Would you transcribe word for word every line from the one containing "characteristic function close" to the end of the data, both ends included, and leave out the rest?
BEGIN
(* Let $0<r<1$ be fixed and for each $n$ let $\mathbf{X},\mathbf{Y}\sim N(0,\Sigma)$ be independent, where $\Sigma=(1-r)I_n+r\mathbf{1}\mathbf{1}^\top$. Then (i) $\sqrt n\,T_n\xrightarrow{d}N(0,(1-r)^2)$ and (ii) $\sqrt n\,\rho_n\xrightarrow{d}N(0,1)$.
   Context: Sample covariance $T_n=\frac1n\sum_{i=1}^n(X_i-\overline{\mathbf{X}}_n)(Y_i-\overline{\mathbf{Y}}_n)$; sample correlation $\rho_n=\frac{\sum_{i}(X_i-\overline{\mathbf{X}}_n)(Y_i-\overline{\mathbf{Y}}_n)}{\sqrt{\sum_i(X_i-\overline{\mathbf{X}}_n)^2}\sqrt{\sum_i(Y_i-\overline{\mathbf{Y}}_n)^2}}$, with $\overline{\mathbf{X}}_n,\overline{\mathbf{Y}}_n$ the sample means; $\mathbf{1}$ is the all-ones vector. *)

theory Defs
  imports "HOL-Probability.Probability"
begin

definition equicorr :: "real \<Rightarrow> nat \<Rightarrow> nat \<Rightarrow> real" where
  "equicorr r i j = (1 - r) * (if i = j then 1 else 0) + r"

text \<open>Centered multivariate normal N(0, S) for the random vector (X 0, ..., X (n-1)) on M,
  via the standard (Cramer--Wold) definition: every linear form a . X is N(0, a^T S a),
  degenerate (a.s. zero) when the variance a^T S a vanishes.\<close>
definition is_mvn0 :: "'a measure \<Rightarrow> nat \<Rightarrow> (nat \<Rightarrow> nat \<Rightarrow> real) \<Rightarrow> (nat \<Rightarrow> 'a \<Rightarrow> real) \<Rightarrow> bool" where
  "is_mvn0 M n S X \<longleftrightarrow>
     (\<forall>i<n. X i \<in> borel_measurable M) \<and>
     (\<forall>a :: nat \<Rightarrow> real.
        let q = (\<Sum>i<n. \<Sum>j<n. a i * S i j * a j) in
        (0 < q \<longrightarrow> distributed M lborel (\<lambda>\<omega>. \<Sum>i<n. a i * X i \<omega>) (normal_density 0 (sqrt q))) \<and>
        (q = 0 \<longrightarrow> (AE \<omega> in M. (\<Sum>i<n. a i * X i \<omega>) = 0)))"

definition sample_mean :: "nat \<Rightarrow> (nat \<Rightarrow> real) \<Rightarrow> real" where
  "sample_mean n x = (\<Sum>i<n. x i) / real n"

definition sample_cov :: "nat \<Rightarrow> (nat \<Rightarrow> real) \<Rightarrow> (nat \<Rightarrow> real) \<Rightarrow> real" where
  "sample_cov n x y = (\<Sum>i<n. (x i - sample_mean n x) * (y i - sample_mean n y)) / real n"

definition sample_corr :: "nat \<Rightarrow> (nat \<Rightarrow> real) \<Rightarrow> (nat \<Rightarrow> real) \<Rightarrow> real" where
  "sample_corr n x y =
     (\<Sum>i<n. (x i - sample_mean n x) * (y i - sample_mean n y)) /
     (sqrt (\<Sum>i<n. (x i - sample_mean n x)\<^sup>2) * sqrt (\<Sum>i<n. (y i - sample_mean n y)\<^sup>2))"

end

theory Submission
  imports Defs
begin

text \<open>Given \<open>Y\<close>, the statistic \<open>sqrt n T\<^sub>n\<close> is a linear form in the Gaussian vector \<open>X\<close> whose
  coefficients, the centred \<open>Y\<^sub>i / sqrt n\<close>, sum to zero; hence the equicorrelated part
  \<open>r 1 1\<^sup>T\<close> of the covariance drops out and \<open>sqrt n T\<^sub>n\<close> is conditionally
  \<open>N(0, (1 - r) S\<^sub>Y / n)\<close>, where \<open>S\<^sub>Y\<close> is the centred sum of squares of \<open>Y\<close>.
  Isserlis' formula gives \<open>E (S\<^sub>Y / n - (1 - r))\<^sup>2 = O(1/n)\<close>, so the characteristic function
  \<open>E exp (- t\<^sup>2 (1 - r) S\<^sub>Y / (2 n))\<close> tends to \<open>exp (- t\<^sup>2 (1 - r)\<^sup>2 / 2)\<close>.
  Since \<open>sqrt n \<rho>\<^sub>n = sqrt n T\<^sub>n / sqrt (S\<^sub>X S\<^sub>Y / n\<^sup>2)\<close>, the same second-moment bounds make its
  characteristic function close to that of \<open>sqrt n T\<^sub>n / (1 - r)\<close>.
  Both limits then follow from Levy's continuity theorem.\<close>

definition bilin_form :: "nat \<Rightarrow> (nat \<Rightarrow> nat \<Rightarrow> real) \<Rightarrow> (nat \<Rightarrow> real) \<Rightarrow> (nat \<Rightarrow> real) \<Rightarrow> real" where
  "bilin_form n S a b = (\<Sum>i<n. \<Sum>j<n. a i * S i j * b j)"

abbreviation quad_form :: "nat \<Rightarrow> (nat \<Rightarrow> nat \<Rightarrow> real) \<Rightarrow> (nat \<Rightarrow> real) \<Rightarrow> real" where
  "quad_form n S a \<equiv> bilin_form n S a a"

lemma bilin_form_add_left: "bilin_form n S (\<lambda>i. a i + b i) c = bilin_form n S a c + bilin_form n S b c"
  unfolding bilin_form_def by (simp add: distrib_right sum.distrib)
END
= Answer below =
  characteristic function close to that of \<open>sqrt n T\<^sub>n / (1 - r)\<close>.
  Both limits then follow from Levy's continuity theorem.\<close>

definition bilin_form :: "nat \<Rightarrow> (nat \<Rightarrow> nat \<Rightarrow> real) \<Rightarrow> (nat \<Rightarrow> real) \<Rightarrow> (nat \<Rightarrow> real) \<Rightarrow> real" where
  "bilin_form n S a b = (\<Sum>i<n. \<Sum>j<n. a i * S i j * b j)"

abbreviation quad_form :: "nat \<Rightarrow> (nat \<Rightarrow> nat \<Rightarrow> real) \<Rightarrow> (nat \<Rightarrow> real) \<Rightarrow> real" where
  "quad_form n S a \<equiv> bilin_form n S a a"

lemma bilin_form_add_left: "bilin_form n S (\<lambda>i. a i + b i) c = bilin_form n S a c + bilin_form n S b c"
  unfolding bilin_form_def by (simp add: distrib_right sum.distrib)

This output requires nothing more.